Step 5: Add the brown sugar, rolled oats, and spices to your smaller bowl and, using a fork or other utensil, toss the contents together so the resulting mix is as uniform in consistency as possible. Gently shake the mix over the strawberry rhubarb base, covering the latter with the former as evenly as you can.

Step 6: Melt the butter (you can do so either on your stovetop or in a microwave), then drizzle it over the crisp. Place the crisp in the oven and bake for 15-20 minutes (until the topping is a golden brown). Let the finished product cool for at least 10-15 minutes before serving. Woot! You have yourself some strawberry rhubarb crisp!


Ok, I've never cooked with rhubarb before.
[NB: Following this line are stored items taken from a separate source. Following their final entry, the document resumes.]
(* Let $\tau$ be a set of operation symbols and $X$ a set disjoint from $\tau$. Equip the set $T_\tau(X)$ of $\tau$-hyperterms over $X$ with the constants $\mathsf e_i^{\mathcal T}=\mathsf e_i$ ($i\ge 1$), $\sigma^{\mathcal T}=\sigma(\mathsf e_1,\mathsf e_2,\dots)$ ($\sigma\in\tau$), and operations $q_n^{\mathcal T}$ ($n\ge 0$) defined recursively by: $q_n^{\mathcal T}(\mathsf e_i,t_1,\dots,t_n)=t_i$ for $1\le i\le n$; $q_n^{\mathcal T}(\mathsf e_i,t_1,\dots,t_n)=\mathsf e_i$ for $i>n$; and for $w\in\tau\cup X$, $q_n^{\mathcal T}(w(t_1,\dots,t_k,\mathsf e_{k+1},\mathsf e_{k+2},\dots),\bar u)=w(q_n^{\mathcal T}(t_1,\bar u),\dots,q_n^{\mathcal T}(t_k,\bar u),q_n^{\mathcal T}(\mathsf e_{k+1},\bar u),q_n^{\mathcal T}(\mathsf e_{k+2},\bar u),\dots)$, where $\bar u=u_1,\dots,u_n$. Then $\mathcal T_\tau(X)=(T_\tau(X),q_n^{\mathcal T},\mathsf e_i^{\mathcal T},\sigma^{\mathcal T})$ is a clone $\tau$-algebra, and it is the free clone $\tau$-algebra over the set $X$ of generators (each $x\in X$ identified with $x(\mathsf e_1,\mathsf e_2,\dots)$) in the variety of all clone $\tau$-algebras: for every clone $\tau$-algebra $\mathcal C$ and every map $\alpha:X\to C$ there is a unique homomorphism $\mathcal T_\tau(X)\to\mathcal C$ extending $\alpha$. In particular, for $X=\emptyset$, $\mathcal T_\tau=\mathcal T_\tau(\emptyset)$ is initial in the class of clone $\tau$-algebras.
   Context: A clone $\tau$-algebra is an algebra $\mathcal C=(C,q_n^{\mathcal C},\mathsf e_i^{\mathcal C},\sigma^{\mathcal C})_{n\ge 0,i\ge1,\sigma\in\tau}$ where $\mathsf e_i^{\mathcal C},\sigma^{\mathcal C}\in C$ are constants and $q_n^{\mathcal C}$ is an $(n+1)$-ary operation, satisfying the identities: (C1) $q_n(\mathsf e_i,x_1,\dots,x_n)=x_i$ for $1\le i\le n$; (C2) $q_n(\mathsf e_j,x_1,\dots,x_n)=\mathsf e_j$ for $j>n$; (C3) $q_n(x,\mathsf e_1,\dots,\mathsf e_n)=x$; (C4) $q_n(x,y_1,\dots,y_n)=q_k(x,y_1,\dots,y_n,\mathsf e_{n+1},\dots,\mathsf e_k)$ for $k>n$; (C5) $q_n(q_n(x,y_1,\dots,y_n),z_1,\dots,z_n)=q_n(x,q_n(y_1,z_1,\dots,z_n),\dots,q_n(y_n,z_1,\dots,z_n))$. These form a variety. The set $T_\tau(X)$ of $\tau$-hyperterms over $X$ is the least set containing the symbols $\mathsf e_1,\mathsf e_2,\dots$ and containing the formal expression $w(t_1,\dots,t_n,\mathsf e_{n+1},\mathsf e_{n+2},\dots)$ whenever $w\in\tau\cup X$, $n\ge 0$ and $t_1,\dots,t_n\in T_\tau(X)$ (an infinite argument list which is eventually $\mathsf e_{k},\mathsf e_{k+1},\dots$ in positions $k$). *)

theory Defs
  imports Main
begin

text \<open>The family of operations q_n (n >= 0), each of
arity n+1, is represented by a single function q :: 'a => 'a list => 'a, where
q x [y1,...,yn] stands for q_n(x,y1,...,yn).\<close>

definition clone_alg ::
  "'s set \<Rightarrow> 'a set \<Rightarrow> ('a \<Rightarrow> 'a list \<Rightarrow> 'a) \<Rightarrow> (nat \<Rightarrow> 'a) \<Rightarrow> ('s \<Rightarrow> 'a) \<Rightarrow> bool" where
  "clone_alg tau C q e sg \<longleftrightarrow>
     (\<forall>i\<ge>1. e i \<in> C) \<and> (\<forall>s\<in>tau. sg s \<in> C) \<and>
     (\<forall>x\<in>C. \<forall>ys\<in>lists C. q x ys \<in> C) \<and>
     \<comment> \<open>(C1)\<close>
     (\<forall>xs\<in>lists C. \<forall>i. 1 \<le> i \<and> i \<le> length xs \<longrightarrow> q (e i) xs = xs ! (i - 1)) \<and>
     \<comment> \<open>(C2)\<close>
     (\<forall>xs\<in>lists C. \<forall>j. j > length xs \<longrightarrow> q (e j) xs = e j) \<and>
     \<comment> \<open>(C3)\<close>
     (\<forall>x\<in>C. \<forall>n. q x (map e [1..<n+1]) = x) \<and>
     \<comment> \<open>(C4)\<close>
     (\<forall>x\<in>C. \<forall>ys\<in>lists C. \<forall>k. k > length ys \<longrightarrow>
        q x ys = q x (ys @ map e [length ys + 1..<k+1])) \<and>
     \<comment> \<open>(C5)\<close>
     (\<forall>x\<in>C. \<forall>ys\<in>lists C. \<forall>zs\<in>lists C. length ys = length zs \<longrightarrow>
        q (q x ys) zs = q x (map (\<lambda>y. q y zs) ys))"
How do I know go about buying it or seeing if it's any good?

Many supermarkets will carry this odd-looking vegetable (yes, it's a veggie) for several weeks from late spring to early summer (Northern Hemisphere). Depending on where you live, farmer's markets are another great spot to procure rhubarb. You'll likely see it strategically placed alongside the strawberries, though it may also reside near the celery, the large leafy greens, or in that awkward spot for miscellaneous produce that doesn't fit neatly into broader categories. A good piece of rhubarb will have bright, rich coloring and be firm to the touch. You'll want to avoid stalks that are rubbery, split, or have large blemishes/dry spots.

Some of these stalks are bright green but others are practically magenta. Are the green ones unripe?

Technically stalks of both colors are ripe. Unlike other vegetables, the hue of the rhubarb is not indicative of its ripeness. However, thicker or greener stalks are a good sign that the rhubarb was grown outside in a field whereas thinner, pinker specimens were likely grown in a greenhouse.

Does it make a difference which kind I choose? Is one type better?

 Both kinds are perfectly fine. Field grown rhubarb tends to have a bolder, tarter flavor and hothouse rhubarb is usually a bit more mild. I personally find that a blend of both kinds produces the richest flavor and will try to buy locally grown rhubarb as frequently as I can.

Do I need to peel the rhubarb?

Not necessarily. If you're using field grown rhubarb you may come across a stalk that's a bit tough to cut into (the outer skin will resist and come apart in celery-like threads). Should this happen to you, take a sharp knife and, beginning at either end, carefully wedge the blade under the skin and lift it enough to get a grip on it, then pull the skin away with your fingers.

Can I use minute or steel-cut oats instead of rolled?

Definitely, though you may have to add 5-10 minutes to your baking time or blend rolled/minute oats in if you're using steel-cut oats. After a bunch of trial-and-error, I've found that most types of oats will work and you could probably attempt this recipe with other types of whole grains.

As always, experiment as you see fit and have fun! Best of luck in your culinary adventures!